[Collected data entries]
[Start of Attachment]

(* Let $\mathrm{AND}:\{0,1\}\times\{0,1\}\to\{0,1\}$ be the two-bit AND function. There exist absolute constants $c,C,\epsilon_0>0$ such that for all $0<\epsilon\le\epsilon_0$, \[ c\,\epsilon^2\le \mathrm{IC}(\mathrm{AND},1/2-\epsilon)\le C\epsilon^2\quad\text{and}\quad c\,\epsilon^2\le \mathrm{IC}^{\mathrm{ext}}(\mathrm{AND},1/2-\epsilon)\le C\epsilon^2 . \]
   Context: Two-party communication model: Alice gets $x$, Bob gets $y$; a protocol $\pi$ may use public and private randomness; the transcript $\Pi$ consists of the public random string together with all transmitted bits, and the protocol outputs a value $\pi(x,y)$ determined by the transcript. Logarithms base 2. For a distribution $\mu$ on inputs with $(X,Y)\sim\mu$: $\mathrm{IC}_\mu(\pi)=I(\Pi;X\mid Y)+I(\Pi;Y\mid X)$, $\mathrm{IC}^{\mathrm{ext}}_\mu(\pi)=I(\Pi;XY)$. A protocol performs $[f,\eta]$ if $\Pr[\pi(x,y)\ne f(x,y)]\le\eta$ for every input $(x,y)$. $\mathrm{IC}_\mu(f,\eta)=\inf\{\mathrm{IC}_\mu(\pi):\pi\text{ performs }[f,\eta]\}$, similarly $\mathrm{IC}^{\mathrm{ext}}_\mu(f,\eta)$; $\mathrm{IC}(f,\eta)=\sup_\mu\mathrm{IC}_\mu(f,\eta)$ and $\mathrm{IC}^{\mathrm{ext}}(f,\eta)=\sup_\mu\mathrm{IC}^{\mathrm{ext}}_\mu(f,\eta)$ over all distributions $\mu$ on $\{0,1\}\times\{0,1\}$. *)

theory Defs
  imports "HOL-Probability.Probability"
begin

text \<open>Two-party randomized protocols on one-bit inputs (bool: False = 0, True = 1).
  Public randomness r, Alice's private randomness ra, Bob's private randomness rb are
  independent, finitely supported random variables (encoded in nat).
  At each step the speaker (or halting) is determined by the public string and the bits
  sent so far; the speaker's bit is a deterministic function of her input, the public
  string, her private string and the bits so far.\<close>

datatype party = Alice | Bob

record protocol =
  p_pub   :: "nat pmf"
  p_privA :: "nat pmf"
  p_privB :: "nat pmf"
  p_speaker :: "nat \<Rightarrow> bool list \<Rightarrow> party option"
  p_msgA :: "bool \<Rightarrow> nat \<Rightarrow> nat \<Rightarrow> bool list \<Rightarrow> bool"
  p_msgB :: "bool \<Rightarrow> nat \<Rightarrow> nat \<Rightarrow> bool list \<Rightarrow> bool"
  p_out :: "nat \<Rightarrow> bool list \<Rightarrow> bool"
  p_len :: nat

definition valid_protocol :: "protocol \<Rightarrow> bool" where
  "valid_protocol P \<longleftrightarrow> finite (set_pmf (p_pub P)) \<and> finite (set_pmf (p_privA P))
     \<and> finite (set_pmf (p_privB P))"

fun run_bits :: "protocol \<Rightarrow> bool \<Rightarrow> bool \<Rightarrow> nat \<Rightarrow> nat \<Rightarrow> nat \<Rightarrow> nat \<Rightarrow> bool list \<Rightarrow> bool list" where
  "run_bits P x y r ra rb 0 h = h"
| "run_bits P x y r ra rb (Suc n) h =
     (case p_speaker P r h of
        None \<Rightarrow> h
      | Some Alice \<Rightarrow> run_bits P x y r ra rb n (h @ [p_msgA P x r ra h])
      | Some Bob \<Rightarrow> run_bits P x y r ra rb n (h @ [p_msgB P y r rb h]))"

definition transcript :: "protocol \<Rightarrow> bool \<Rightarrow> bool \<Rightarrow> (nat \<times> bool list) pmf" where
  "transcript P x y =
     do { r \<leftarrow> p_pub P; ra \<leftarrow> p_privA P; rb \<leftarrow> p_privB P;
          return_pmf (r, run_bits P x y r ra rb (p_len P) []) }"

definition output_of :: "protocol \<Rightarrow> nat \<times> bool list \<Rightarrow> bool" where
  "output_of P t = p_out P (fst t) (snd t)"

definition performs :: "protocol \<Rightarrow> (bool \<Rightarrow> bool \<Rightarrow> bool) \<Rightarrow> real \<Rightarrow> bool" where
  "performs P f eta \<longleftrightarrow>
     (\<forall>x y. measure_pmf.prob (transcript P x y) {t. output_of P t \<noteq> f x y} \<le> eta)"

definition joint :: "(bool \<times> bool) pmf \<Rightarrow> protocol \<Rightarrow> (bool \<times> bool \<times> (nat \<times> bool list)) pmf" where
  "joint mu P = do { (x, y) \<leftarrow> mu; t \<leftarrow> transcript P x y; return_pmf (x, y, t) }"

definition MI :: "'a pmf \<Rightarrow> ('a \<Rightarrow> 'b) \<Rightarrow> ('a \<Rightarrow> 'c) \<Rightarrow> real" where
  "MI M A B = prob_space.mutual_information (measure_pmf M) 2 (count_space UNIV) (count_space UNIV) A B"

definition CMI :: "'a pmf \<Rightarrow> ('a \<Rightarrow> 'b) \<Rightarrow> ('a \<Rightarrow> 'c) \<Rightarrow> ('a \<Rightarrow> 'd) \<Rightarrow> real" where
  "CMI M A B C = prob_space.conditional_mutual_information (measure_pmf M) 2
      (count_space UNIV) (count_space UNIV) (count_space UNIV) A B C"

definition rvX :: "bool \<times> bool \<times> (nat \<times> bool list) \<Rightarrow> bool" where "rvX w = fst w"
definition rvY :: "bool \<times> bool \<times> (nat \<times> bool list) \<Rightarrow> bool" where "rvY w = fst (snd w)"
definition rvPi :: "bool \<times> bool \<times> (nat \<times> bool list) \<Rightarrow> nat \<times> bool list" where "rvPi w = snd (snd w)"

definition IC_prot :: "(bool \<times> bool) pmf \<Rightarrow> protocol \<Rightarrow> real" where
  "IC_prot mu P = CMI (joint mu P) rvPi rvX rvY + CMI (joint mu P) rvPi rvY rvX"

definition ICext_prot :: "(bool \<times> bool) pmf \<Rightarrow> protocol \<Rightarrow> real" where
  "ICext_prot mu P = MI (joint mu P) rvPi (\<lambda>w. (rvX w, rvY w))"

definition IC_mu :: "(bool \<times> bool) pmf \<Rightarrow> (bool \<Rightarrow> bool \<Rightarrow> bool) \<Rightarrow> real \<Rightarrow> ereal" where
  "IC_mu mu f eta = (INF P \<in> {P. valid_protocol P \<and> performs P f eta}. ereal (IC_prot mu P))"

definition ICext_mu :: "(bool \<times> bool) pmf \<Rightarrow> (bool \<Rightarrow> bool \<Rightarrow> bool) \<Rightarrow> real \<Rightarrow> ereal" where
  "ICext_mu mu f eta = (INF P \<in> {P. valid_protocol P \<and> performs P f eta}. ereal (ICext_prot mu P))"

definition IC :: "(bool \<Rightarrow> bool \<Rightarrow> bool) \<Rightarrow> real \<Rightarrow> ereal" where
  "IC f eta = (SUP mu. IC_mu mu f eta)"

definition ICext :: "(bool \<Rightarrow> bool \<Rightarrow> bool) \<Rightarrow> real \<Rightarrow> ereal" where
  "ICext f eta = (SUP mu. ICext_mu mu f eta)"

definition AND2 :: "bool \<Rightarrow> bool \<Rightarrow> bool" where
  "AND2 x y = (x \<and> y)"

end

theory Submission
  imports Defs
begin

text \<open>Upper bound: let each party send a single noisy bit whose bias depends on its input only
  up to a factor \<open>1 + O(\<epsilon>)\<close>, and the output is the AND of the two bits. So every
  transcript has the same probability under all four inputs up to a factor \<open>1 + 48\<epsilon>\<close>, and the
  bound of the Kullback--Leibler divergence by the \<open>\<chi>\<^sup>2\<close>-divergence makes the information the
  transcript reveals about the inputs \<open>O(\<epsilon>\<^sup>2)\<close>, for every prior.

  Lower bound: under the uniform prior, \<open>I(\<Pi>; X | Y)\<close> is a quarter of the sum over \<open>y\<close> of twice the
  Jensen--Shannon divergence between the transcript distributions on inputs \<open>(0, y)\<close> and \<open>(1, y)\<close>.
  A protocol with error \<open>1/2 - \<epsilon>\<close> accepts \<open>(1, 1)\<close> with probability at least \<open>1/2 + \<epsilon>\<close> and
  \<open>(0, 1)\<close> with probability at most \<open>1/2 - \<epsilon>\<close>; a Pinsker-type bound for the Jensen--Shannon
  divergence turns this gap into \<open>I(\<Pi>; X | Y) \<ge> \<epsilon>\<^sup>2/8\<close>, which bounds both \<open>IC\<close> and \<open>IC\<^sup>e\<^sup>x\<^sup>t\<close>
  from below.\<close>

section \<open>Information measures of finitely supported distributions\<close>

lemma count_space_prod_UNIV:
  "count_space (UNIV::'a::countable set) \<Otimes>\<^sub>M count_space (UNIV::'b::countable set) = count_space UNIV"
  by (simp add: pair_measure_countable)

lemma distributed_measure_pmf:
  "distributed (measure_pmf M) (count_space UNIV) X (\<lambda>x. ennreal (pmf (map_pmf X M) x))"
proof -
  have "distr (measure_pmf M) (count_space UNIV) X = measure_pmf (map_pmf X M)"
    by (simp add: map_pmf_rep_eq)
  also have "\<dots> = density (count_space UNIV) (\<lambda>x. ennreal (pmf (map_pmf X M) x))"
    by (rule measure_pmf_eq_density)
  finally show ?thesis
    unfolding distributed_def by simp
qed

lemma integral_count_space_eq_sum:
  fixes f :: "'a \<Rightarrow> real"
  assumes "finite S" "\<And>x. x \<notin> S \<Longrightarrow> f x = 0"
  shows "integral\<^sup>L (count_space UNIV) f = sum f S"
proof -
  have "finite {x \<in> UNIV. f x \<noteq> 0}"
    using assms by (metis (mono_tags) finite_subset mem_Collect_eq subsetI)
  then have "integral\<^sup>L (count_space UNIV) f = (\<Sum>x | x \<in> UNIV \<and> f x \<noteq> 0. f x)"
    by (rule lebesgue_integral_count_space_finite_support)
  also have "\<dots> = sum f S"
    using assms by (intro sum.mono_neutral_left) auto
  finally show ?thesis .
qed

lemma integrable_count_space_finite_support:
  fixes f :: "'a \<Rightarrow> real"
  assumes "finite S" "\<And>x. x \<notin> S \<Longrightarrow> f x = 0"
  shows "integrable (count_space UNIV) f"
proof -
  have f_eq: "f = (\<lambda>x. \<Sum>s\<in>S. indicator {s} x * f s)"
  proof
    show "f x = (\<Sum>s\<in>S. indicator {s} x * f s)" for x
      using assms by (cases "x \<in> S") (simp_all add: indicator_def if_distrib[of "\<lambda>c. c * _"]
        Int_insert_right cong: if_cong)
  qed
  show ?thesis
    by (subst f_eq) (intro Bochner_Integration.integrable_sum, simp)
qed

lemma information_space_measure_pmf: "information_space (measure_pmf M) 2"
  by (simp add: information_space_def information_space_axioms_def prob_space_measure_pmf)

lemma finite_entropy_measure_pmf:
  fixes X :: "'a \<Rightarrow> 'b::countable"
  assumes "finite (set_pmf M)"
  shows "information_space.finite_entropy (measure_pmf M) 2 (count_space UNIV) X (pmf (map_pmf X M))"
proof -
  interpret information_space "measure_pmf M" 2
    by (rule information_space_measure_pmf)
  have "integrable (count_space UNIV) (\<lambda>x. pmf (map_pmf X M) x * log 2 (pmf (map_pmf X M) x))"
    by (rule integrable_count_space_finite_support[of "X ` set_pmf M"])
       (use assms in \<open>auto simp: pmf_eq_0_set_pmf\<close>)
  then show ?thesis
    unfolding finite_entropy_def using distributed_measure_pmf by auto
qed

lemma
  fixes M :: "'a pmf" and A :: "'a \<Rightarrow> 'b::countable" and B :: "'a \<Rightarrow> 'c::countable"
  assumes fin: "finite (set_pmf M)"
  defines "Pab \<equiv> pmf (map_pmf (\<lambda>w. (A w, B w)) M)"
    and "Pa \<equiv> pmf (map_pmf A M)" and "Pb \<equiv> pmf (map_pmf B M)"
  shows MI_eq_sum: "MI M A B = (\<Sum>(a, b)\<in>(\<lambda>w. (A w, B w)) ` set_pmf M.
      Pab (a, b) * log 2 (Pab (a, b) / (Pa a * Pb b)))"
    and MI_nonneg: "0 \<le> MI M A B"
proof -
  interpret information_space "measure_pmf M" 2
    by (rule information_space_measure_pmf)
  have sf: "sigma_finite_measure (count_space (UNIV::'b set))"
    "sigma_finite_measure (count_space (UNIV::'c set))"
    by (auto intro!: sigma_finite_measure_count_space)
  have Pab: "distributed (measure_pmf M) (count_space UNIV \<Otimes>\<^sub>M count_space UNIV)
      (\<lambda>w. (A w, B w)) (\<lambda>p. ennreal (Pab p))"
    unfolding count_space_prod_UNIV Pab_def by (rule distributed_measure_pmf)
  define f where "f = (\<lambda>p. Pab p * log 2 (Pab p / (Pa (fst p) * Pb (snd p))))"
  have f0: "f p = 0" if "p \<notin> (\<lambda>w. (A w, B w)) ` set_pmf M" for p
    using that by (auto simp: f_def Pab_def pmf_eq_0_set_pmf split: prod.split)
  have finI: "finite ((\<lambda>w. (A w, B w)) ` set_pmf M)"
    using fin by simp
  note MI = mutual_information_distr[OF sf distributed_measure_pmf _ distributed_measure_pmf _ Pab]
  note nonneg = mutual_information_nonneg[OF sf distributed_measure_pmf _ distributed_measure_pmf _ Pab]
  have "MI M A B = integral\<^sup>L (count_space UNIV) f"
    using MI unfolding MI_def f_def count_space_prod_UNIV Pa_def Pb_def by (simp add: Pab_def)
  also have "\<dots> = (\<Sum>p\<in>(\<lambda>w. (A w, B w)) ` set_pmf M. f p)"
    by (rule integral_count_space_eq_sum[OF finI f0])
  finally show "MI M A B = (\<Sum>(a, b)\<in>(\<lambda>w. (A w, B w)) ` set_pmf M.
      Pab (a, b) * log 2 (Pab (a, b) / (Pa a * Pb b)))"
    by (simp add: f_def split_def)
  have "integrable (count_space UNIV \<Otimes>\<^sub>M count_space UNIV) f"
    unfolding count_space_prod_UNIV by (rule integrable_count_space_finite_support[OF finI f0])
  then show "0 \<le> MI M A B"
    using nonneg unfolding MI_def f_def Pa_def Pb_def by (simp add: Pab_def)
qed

[End of Attachment]

Look through the data above. Copy every line with the string "factor" in it.

  up to a factor \<open>1 + O(\<epsilon>)\<close>, and the output is the AND of the two bits. So every
  transcript has the same probability under all four inputs up to a factor \<open>1 + 48\<epsilon>\<close>, and the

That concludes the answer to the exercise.